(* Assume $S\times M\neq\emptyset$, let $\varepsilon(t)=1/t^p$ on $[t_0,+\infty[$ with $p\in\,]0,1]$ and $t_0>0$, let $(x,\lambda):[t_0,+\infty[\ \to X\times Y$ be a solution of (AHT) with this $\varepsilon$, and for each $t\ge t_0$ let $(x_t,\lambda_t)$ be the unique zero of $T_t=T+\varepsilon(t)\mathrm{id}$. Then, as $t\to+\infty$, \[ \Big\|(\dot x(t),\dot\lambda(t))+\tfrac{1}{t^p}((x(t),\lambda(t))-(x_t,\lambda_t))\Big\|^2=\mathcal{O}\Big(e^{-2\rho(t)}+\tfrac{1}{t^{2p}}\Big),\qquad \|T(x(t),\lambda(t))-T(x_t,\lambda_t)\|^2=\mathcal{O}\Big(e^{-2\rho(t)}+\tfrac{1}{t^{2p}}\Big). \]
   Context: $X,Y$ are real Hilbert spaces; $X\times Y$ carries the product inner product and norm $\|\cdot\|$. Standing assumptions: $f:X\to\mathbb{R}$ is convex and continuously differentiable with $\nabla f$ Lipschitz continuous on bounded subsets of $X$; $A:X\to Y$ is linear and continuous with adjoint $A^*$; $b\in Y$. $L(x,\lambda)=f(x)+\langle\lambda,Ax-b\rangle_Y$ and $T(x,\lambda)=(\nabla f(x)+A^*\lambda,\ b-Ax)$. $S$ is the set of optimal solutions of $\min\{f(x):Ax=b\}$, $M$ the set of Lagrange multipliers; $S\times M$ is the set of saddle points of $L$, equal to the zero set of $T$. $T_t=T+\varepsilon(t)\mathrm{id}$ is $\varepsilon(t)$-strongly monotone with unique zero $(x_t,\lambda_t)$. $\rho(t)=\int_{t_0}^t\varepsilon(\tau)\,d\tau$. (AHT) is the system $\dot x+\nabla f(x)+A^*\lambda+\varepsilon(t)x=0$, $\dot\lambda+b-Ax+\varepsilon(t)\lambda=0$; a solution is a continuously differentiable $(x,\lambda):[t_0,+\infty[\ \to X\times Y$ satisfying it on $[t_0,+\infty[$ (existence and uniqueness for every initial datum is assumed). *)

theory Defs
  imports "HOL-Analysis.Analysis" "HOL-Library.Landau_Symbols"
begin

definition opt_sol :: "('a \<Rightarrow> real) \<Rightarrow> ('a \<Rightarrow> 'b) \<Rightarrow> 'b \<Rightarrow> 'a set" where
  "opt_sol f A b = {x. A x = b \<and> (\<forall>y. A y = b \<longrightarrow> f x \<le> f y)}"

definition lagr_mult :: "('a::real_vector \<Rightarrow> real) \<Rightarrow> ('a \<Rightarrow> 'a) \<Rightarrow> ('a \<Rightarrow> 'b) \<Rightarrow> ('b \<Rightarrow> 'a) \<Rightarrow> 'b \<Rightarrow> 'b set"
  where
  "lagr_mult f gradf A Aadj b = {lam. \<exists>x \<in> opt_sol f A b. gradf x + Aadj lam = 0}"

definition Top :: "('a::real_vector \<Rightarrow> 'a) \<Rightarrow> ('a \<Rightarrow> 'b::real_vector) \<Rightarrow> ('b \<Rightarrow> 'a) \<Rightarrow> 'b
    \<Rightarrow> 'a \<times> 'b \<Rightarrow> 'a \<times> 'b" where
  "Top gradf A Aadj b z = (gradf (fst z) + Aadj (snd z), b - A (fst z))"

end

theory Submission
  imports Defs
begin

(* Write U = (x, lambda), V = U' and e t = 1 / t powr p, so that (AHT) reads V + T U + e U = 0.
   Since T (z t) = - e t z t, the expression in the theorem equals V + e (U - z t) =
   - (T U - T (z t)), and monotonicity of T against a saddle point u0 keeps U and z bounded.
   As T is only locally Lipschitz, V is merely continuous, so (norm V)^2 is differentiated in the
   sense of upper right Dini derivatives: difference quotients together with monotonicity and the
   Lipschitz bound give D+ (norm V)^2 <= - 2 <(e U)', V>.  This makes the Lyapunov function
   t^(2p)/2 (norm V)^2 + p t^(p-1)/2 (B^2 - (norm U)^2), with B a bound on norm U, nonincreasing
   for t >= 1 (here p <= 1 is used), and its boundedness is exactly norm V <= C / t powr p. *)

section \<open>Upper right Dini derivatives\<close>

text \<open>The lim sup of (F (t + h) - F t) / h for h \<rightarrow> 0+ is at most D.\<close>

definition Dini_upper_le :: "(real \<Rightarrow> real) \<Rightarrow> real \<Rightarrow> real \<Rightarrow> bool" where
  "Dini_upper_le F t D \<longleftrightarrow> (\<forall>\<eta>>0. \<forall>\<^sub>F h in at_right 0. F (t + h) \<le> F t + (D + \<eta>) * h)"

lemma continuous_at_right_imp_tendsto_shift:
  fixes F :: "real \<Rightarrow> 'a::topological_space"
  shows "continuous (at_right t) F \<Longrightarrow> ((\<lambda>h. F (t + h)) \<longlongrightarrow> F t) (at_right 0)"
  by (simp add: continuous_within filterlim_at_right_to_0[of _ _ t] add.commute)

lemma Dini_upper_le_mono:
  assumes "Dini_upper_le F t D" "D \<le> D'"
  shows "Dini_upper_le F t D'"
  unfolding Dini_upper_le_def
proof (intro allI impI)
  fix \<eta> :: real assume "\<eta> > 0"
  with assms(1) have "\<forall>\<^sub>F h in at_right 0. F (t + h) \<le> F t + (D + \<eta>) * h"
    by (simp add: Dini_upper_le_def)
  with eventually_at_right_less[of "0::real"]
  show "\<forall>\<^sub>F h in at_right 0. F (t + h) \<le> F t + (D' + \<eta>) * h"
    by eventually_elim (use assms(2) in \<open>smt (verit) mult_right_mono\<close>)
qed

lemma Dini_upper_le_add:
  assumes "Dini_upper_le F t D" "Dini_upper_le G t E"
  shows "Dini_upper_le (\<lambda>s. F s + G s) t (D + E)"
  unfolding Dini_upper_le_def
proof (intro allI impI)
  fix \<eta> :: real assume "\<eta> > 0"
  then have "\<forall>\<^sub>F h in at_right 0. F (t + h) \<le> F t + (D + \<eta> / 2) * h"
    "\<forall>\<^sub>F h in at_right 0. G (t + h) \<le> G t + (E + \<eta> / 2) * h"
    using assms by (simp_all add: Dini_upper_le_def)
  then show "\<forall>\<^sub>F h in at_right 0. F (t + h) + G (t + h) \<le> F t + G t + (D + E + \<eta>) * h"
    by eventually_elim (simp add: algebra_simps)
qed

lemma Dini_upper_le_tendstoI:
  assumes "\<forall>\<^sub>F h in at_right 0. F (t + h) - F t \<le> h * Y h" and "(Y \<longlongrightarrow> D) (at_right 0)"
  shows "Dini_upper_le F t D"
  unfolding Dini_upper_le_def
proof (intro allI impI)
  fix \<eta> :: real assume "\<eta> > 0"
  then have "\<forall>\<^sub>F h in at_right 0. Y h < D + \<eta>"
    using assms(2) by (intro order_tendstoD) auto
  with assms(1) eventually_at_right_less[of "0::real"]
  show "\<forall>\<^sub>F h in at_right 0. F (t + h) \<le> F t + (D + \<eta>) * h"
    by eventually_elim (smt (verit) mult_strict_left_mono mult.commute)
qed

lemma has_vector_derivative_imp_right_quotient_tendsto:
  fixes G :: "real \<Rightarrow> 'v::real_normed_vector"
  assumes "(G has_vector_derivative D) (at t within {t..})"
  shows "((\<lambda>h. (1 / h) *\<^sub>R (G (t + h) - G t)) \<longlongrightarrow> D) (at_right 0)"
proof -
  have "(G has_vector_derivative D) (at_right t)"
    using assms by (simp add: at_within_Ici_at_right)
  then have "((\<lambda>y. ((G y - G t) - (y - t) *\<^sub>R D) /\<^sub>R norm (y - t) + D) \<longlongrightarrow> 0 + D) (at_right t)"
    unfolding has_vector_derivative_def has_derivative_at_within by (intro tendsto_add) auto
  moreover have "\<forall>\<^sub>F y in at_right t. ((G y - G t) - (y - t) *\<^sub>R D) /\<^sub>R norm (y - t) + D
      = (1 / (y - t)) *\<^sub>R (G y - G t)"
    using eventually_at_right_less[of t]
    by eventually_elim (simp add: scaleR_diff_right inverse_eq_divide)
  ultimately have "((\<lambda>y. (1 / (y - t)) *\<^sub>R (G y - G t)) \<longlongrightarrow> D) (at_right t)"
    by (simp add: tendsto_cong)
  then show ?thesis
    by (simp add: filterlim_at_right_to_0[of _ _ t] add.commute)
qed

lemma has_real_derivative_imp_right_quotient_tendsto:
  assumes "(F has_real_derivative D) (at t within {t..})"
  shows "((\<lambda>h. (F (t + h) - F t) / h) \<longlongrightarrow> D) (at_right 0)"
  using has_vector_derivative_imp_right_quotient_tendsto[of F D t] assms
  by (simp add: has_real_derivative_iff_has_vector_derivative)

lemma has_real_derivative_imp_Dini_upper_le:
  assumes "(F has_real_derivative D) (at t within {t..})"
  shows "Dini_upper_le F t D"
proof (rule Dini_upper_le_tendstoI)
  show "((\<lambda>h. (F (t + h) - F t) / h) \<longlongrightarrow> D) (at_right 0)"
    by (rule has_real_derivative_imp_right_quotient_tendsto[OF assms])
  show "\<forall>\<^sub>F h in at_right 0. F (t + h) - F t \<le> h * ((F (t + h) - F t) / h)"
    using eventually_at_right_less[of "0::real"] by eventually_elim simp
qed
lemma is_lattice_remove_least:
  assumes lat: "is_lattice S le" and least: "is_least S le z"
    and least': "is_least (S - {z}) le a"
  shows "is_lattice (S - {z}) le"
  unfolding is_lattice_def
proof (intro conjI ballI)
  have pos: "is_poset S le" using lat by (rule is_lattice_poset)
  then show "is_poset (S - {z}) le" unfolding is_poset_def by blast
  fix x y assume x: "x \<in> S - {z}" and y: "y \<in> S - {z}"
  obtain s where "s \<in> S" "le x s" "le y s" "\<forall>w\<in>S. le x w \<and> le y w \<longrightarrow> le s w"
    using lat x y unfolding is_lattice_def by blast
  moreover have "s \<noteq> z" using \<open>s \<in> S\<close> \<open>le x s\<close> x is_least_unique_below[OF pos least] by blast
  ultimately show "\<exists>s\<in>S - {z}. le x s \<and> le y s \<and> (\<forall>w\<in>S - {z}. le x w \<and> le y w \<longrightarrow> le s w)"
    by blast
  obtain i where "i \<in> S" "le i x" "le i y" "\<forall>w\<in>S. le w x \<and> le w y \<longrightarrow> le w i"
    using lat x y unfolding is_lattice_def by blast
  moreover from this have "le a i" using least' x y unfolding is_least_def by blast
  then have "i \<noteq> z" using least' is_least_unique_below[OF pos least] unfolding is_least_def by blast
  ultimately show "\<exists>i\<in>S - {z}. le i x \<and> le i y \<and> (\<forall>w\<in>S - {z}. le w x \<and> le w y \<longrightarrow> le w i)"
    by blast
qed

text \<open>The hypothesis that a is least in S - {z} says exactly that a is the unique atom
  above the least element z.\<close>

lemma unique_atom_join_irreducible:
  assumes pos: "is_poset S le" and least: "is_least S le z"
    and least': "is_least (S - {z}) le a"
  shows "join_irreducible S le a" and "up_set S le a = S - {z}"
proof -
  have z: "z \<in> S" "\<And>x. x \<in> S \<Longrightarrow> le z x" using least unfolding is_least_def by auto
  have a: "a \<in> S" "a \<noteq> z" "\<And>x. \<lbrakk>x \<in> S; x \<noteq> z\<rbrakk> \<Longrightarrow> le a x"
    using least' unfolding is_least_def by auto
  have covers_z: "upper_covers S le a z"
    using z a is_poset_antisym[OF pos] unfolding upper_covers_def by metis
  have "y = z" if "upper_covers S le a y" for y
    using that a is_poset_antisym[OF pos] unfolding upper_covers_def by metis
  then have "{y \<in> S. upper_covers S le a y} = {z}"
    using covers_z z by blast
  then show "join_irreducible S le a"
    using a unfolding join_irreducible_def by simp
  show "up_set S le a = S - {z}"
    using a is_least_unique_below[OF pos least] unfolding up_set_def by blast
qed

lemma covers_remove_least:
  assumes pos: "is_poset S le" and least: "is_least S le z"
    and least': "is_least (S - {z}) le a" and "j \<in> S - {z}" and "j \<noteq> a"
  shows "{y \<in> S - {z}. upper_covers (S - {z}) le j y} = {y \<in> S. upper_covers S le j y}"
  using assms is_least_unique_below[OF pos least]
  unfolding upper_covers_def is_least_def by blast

▸ WORK INSTRUCTIONS:
A complete answer gives every line of the records holding "auto".

▸ SOLUTION TO THIS TASK:
    using assms(2) by (intro order_tendstoD) auto
    unfolding has_vector_derivative_def has_derivative_at_within by (intro tendsto_add) auto
  have z: "z \<in> S" "\<And>x. x \<in> S \<Longrightarrow> le z x" using least unfolding is_least_def by auto
    using least' unfolding is_least_def by auto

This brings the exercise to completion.